═════ Excerpted data

(* Let $X$ be a Polish space, $n\ge1$, $\mu\in\mathcal M_f(X)$ with $\mu(X)=n$, and let ${\mathbf T}$ be a thinning kernel of type 1 with normalization $Z$. Then for every non-negative measurable function $\phi$ on $\mathcal M_f(X)$, $${\mathbf T}_\mu\big(\phi\,1_{\{\zeta_X=n-1\}}\big)=\int\frac{Z_\mu}{Z_{\mu-\delta_x}}\,{\mathbf T}_{\mu-\delta_x}\big(\phi\,1_{\{\zeta_X=n-1\}}\big)\,\mu(\mathrm dx).$$
   Context: $\mathcal M_f(X)$ denotes the set of finite counting measures on $X$. For $\mu\in\mathcal M_f(X)$ with an atom at $x$, $\mu-\delta_x$ is $\mu$ with one atom at $x$ removed. $\zeta_X(\eta)=\eta(X)$ is the total number of points. $\mu^{-[n]}$ is the $n$-th falling factorial measure of $\mu$, defined by $\int g\,\mathrm d\mu^{-[n]}=\int\cdots\int g(x_1,\dots,x_n)(\mu-\delta_{x_1}-\dots-\delta_{x_{n-1}})(\mathrm dx_n)\cdots\mu(\mathrm dx_1)$. Write $\delta_{\mathbf x}=\delta_{x_1}+\dots+\delta_{x_n}$. A thinning kernel of type 1 is a stochastic kernel of the form ${\mathbf T}_\mu(\phi)=Z_\mu\sum_{m\ge0}\frac1{m!}\int\phi(\delta_{\mathbf x})\,t({\mathbf x})\,\mu^{-[m]}(\mathrm d{\mathbf x})$. Here $t\ge0$ is a symmetric measurable function on $\bigcup_mX^m$ (for $m=0$ a non-negative number) not depending on $\mu$, and $Z_\mu^{-1}=\sum_m\frac1{m!}\int t\,\mathrm d\mu^{-[m]}\in(0,\infty)$. *)

theory Defs
  imports "HOL-Analysis.Analysis" "HOL-Library.Multiset"
begin

text \<open>Finite counting measures on X are represented as multisets over X.
  Integration against a finite counting measure mu is the sum over its atoms
  (with multiplicity).  ffint mu m g is the integral of g against the m-th
  falling factorial measure of mu, following the iterated-integral definition:
  outer integral over x1 against mu, next over x2 against mu - delta x1, etc.\<close>

primrec ffint :: "nat \<Rightarrow> 'a multiset \<Rightarrow> ('a list \<Rightarrow> 'b::comm_monoid_add) \<Rightarrow> 'b" where
  "ffint 0 \<mu> g = g []"
| "ffint (Suc m) \<mu> g = sum_mset (image_mset (\<lambda>x. ffint m (\<mu> - {#x#}) (\<lambda>xs. g (x # xs))) \<mu>)"

definition zeta :: "'a multiset \<Rightarrow> nat" where
  "zeta \<eta> = size \<eta>"

definition Zinv :: "('a list \<Rightarrow> real) \<Rightarrow> 'a multiset \<Rightarrow> ennreal" where
  "Zinv t \<mu> = (\<Sum>m. ffint m \<mu> (\<lambda>xs. ennreal (t xs)) / of_nat (fact m))"

definition Znorm :: "('a list \<Rightarrow> real) \<Rightarrow> 'a multiset \<Rightarrow> ennreal" where
  "Znorm t \<mu> = inverse (Zinv t \<mu>)"

definition thinT :: "('a list \<Rightarrow> real) \<Rightarrow> 'a multiset \<Rightarrow> ('a multiset \<Rightarrow> ennreal) \<Rightarrow> ennreal" where
  "thinT t \<mu> \<phi> = Znorm t \<mu> *
     (\<Sum>m. ffint m \<mu> (\<lambda>xs. \<phi> (mset xs) * ennreal (t xs)) / of_nat (fact m))"

definition thinning_weight :: "('a list \<Rightarrow> real) \<Rightarrow> bool" where
  "thinning_weight t \<longleftrightarrow>
     (\<forall>xs. 0 \<le> t xs) \<and>
     (\<forall>xs ys. mset xs = mset ys \<longrightarrow> t xs = t ys) \<and>
     (\<forall>\<mu>. 0 < Zinv t \<mu> \<and> Zinv t \<mu> < \<infinity>)"

end

theory Submission
  imports Defs
begin

text \<open>Only the term m = n - 1 of the series defining the kernel survives the indicator, so both
  sides are multiples of integrals against falling factorial measures of order n - 1.  For
  a counting measure with n points, summing the (n - 1)-st falling factorial measures of all
  the \<mu> - \<delta>x recovers that of \<mu> (each ordered (n-1)-tuple of distinct atoms misses exactly
  one atom), and the normalisations Z(\<mu> - \<delta>x) cancel.\<close>

lemma ffint_cong:
  "(\<And>xs. length xs = m \<Longrightarrow> g xs = g' xs) \<Longrightarrow> ffint m \<mu> g = ffint m \<mu> g'"
proof (induction m arbitrary: \<mu> g g')
  case 0
  then show ?case by simp
next
  case (Suc m)
  show ?case
    by (simp, rule arg_cong[where f = sum_mset], rule image_mset_cong, rule Suc.IH)
       (use Suc.prems in auto)
qed

lemma ffint_zero: "ffint m \<mu> (\<lambda>xs. 0) = 0"
  by (induction m arbitrary: \<mu>) auto

lemma sum_mset_remove_swap:
  fixes F :: "'a \<Rightarrow> 'a \<Rightarrow> 'b::comm_monoid_add"
  shows "(\<Sum>x\<in>#\<mu>. \<Sum>y\<in>#\<mu> - {#x#}. F x y) = (\<Sum>x\<in>#\<mu>. \<Sum>y\<in>#\<mu> - {#x#}. F y x)"
proof (induction \<mu>)
  case empty
  then show ?case by simp
next
  case (add a \<mu>)
  have "(\<Sum>x\<in>#\<mu>. \<Sum>y\<in>#add_mset a \<mu> - {#x#}. G x y)
      = (\<Sum>x\<in>#\<mu>. G x a + (\<Sum>y\<in>#\<mu> - {#x#}. G x y))" for G :: "'a \<Rightarrow> 'a \<Rightarrow> 'b"
    by (rule arg_cong[where f = sum_mset], rule image_mset_cong) (simp add: diff_union_swap2)
  then show ?case
    using add.IH by (simp add: sum_mset.distrib add.commute add.left_commute)
qed

lemma sum_mset_ffint_remove:
  fixes g :: "'a list \<Rightarrow> 'b::comm_semiring_1"
  shows "(\<Sum>x\<in>#\<mu>. ffint m (\<mu> - {#x#}) g) = of_nat (size \<mu> - m) * ffint m \<mu> g"
proof (induction m arbitrary: \<mu> g)
  case 0
  then show ?case by simp
next
  case (Suc m)
  have "(\<Sum>x\<in>#\<mu>. ffint (Suc m) (\<mu> - {#x#}) g)
      = (\<Sum>x\<in>#\<mu>. \<Sum>y\<in>#\<mu> - {#x#}. ffint m (\<mu> - {#x#} - {#y#}) (\<lambda>xs. g (y # xs)))"
    by simp
  also have "\<dots> = (\<Sum>y\<in>#\<mu>. \<Sum>x\<in>#\<mu> - {#y#}. ffint m (\<mu> - {#y#} - {#x#}) (\<lambda>xs. g (y # xs)))"
    using sum_mset_remove_swap[of "\<lambda>x y. ffint m (\<mu> - {#x#} - {#y#}) (\<lambda>xs. g (y # xs))" \<mu>]
    by (simp add: add_mset_commute)
  also have "\<dots> = (\<Sum>y\<in>#\<mu>. of_nat (size \<mu> - Suc m) * ffint m (\<mu> - {#y#}) (\<lambda>xs. g (y # xs)))"
  proof (rule arg_cong[where f = sum_mset], rule image_mset_cong)
    fix y
    assume "y \<in># \<mu>"
    then show "(\<Sum>x\<in>#\<mu> - {#y#}. ffint m (\<mu> - {#y#} - {#x#}) (\<lambda>xs. g (y # xs)))
        = of_nat (size \<mu> - Suc m) * ffint m (\<mu> - {#y#}) (\<lambda>xs. g (y # xs))"
      using Suc.IH[of "\<mu> - {#y#}"] by (simp add: size_Diff_singleton)
  qed
  also have "\<dots> = of_nat (size \<mu> - Suc m) * ffint (Suc m) \<mu> g"
    by (simp add: sum_mset_distrib_left)
  finally show ?case .
qed

lemma thinT_restrict_size:
  "thinT t \<nu> (\<lambda>\<eta>. \<phi> \<eta> * indicator {\<eta>. zeta \<eta> = k} \<eta>)
     = Znorm t \<nu> * (ffint k \<nu> (\<lambda>xs. \<phi> (mset xs) * ennreal (t xs)) / of_nat (fact k))"
proof -
  define g where "g = (\<lambda>xs. \<phi> (mset xs) * ennreal (t xs))"
  define f where "f = (\<lambda>m. ffint m \<nu> g / of_nat (fact m) :: ennreal)"
  have "ffint m \<nu> (\<lambda>xs. \<phi> (mset xs) * indicator {\<eta>. zeta \<eta> = k} (mset xs) * ennreal (t xs))
      = (if m = k then ffint m \<nu> g else ffint m \<nu> (\<lambda>xs. 0))" for m
    by (auto intro: ffint_cong simp: g_def zeta_def)
  then have "(\<lambda>m. ffint m \<nu> (\<lambda>xs. \<phi> (mset xs) * indicator {\<eta>. zeta \<eta> = k} (mset xs)
        * ennreal (t xs)) / of_nat (fact m)) = (\<lambda>m. if m = k then f m else 0)"
    by (auto simp: f_def ffint_zero)
  moreover have "(\<lambda>m. if m = k then f m else 0) sums f k"
    by (rule sums_single)
  ultimately show ?thesis
    unfolding thinT_def by (simp add: sums_iff f_def g_def)
qed

lemma Znorm_cancel:
  assumes "thinning_weight t"
  shows "a / Znorm t \<nu> * (Znorm t \<nu> * s) = a * s"
proof -
  have "0 < Zinv t \<nu>" "Zinv t \<nu> < \<infinity>"
    using assms unfolding thinning_weight_def by blast+
  then have "Znorm t \<nu> \<noteq> 0" "Znorm t \<nu> \<noteq> top"
    unfolding Znorm_def by (simp_all add: infinity_ennreal_def)
  then have "Znorm t \<nu> * s / Znorm t \<nu> = s"
    by (metis mult.commute mult_divide_eq_ennreal)
  then show ?thesis
    by (simp only: ennreal_divide_times)
qed

theorem mainTheorem6:
  fixes t :: "'a::polish_space list \<Rightarrow> real"
    and \<mu> :: "'a multiset"
    and n :: nat
    and \<phi> :: "'a multiset \<Rightarrow> ennreal"
  assumes "n \<ge> 1"
    and "size \<mu> = n"
    and "thinning_weight t"
  shows "thinT t \<mu> (\<lambda>\<eta>. \<phi> \<eta> * indicator {\<eta>. zeta \<eta> = n - 1} \<eta>)
       = sum_mset (image_mset (\<lambda>x. Znorm t \<mu> / Znorm t (\<mu> - {#x#})
            * thinT t (\<mu> - {#x#}) (\<lambda>\<eta>. \<phi> \<eta> * indicator {\<eta>. zeta \<eta> = n - 1} \<eta>)) \<mu>)"
proof -
  define g where "g = (\<lambda>xs. \<phi> (mset xs) * ennreal (t xs))"
  define c :: ennreal where "c = of_nat (fact (n - 1))"
  have "size \<mu> - (n - 1) = 1"
    using assms(1,2) by simp
  then have "ffint (n - 1) \<mu> g = (\<Sum>x\<in>#\<mu>. ffint (n - 1) (\<mu> - {#x#}) g)"
    by (simp add: sum_mset_ffint_remove)
  then have "Znorm t \<mu> * (ffint (n - 1) \<mu> g / c)
      = (\<Sum>x\<in>#\<mu>. Znorm t \<mu> * (ffint (n - 1) (\<mu> - {#x#}) g / c))"
    by (simp only: divide_ennreal_def sum_mset_distrib_left sum_mset_distrib_right)
  then show ?thesis
    unfolding thinT_restrict_size Znorm_cancel[OF assms(3)] g_def[symmetric] c_def[symmetric] .
qed

end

══════════

What the task requires
Extract from the records above the lines from the one containing "theory Defs" to the one containing "Integration against a", both lines included, exactly as they appear and with nothing else.

Reply to the task
theory Defs
  imports "HOL-Analysis.Analysis" "HOL-Library.Multiset"
begin

text \<open>Finite counting measures on X are represented as multisets over X.
  Integration against a finite counting measure mu is the sum over its atoms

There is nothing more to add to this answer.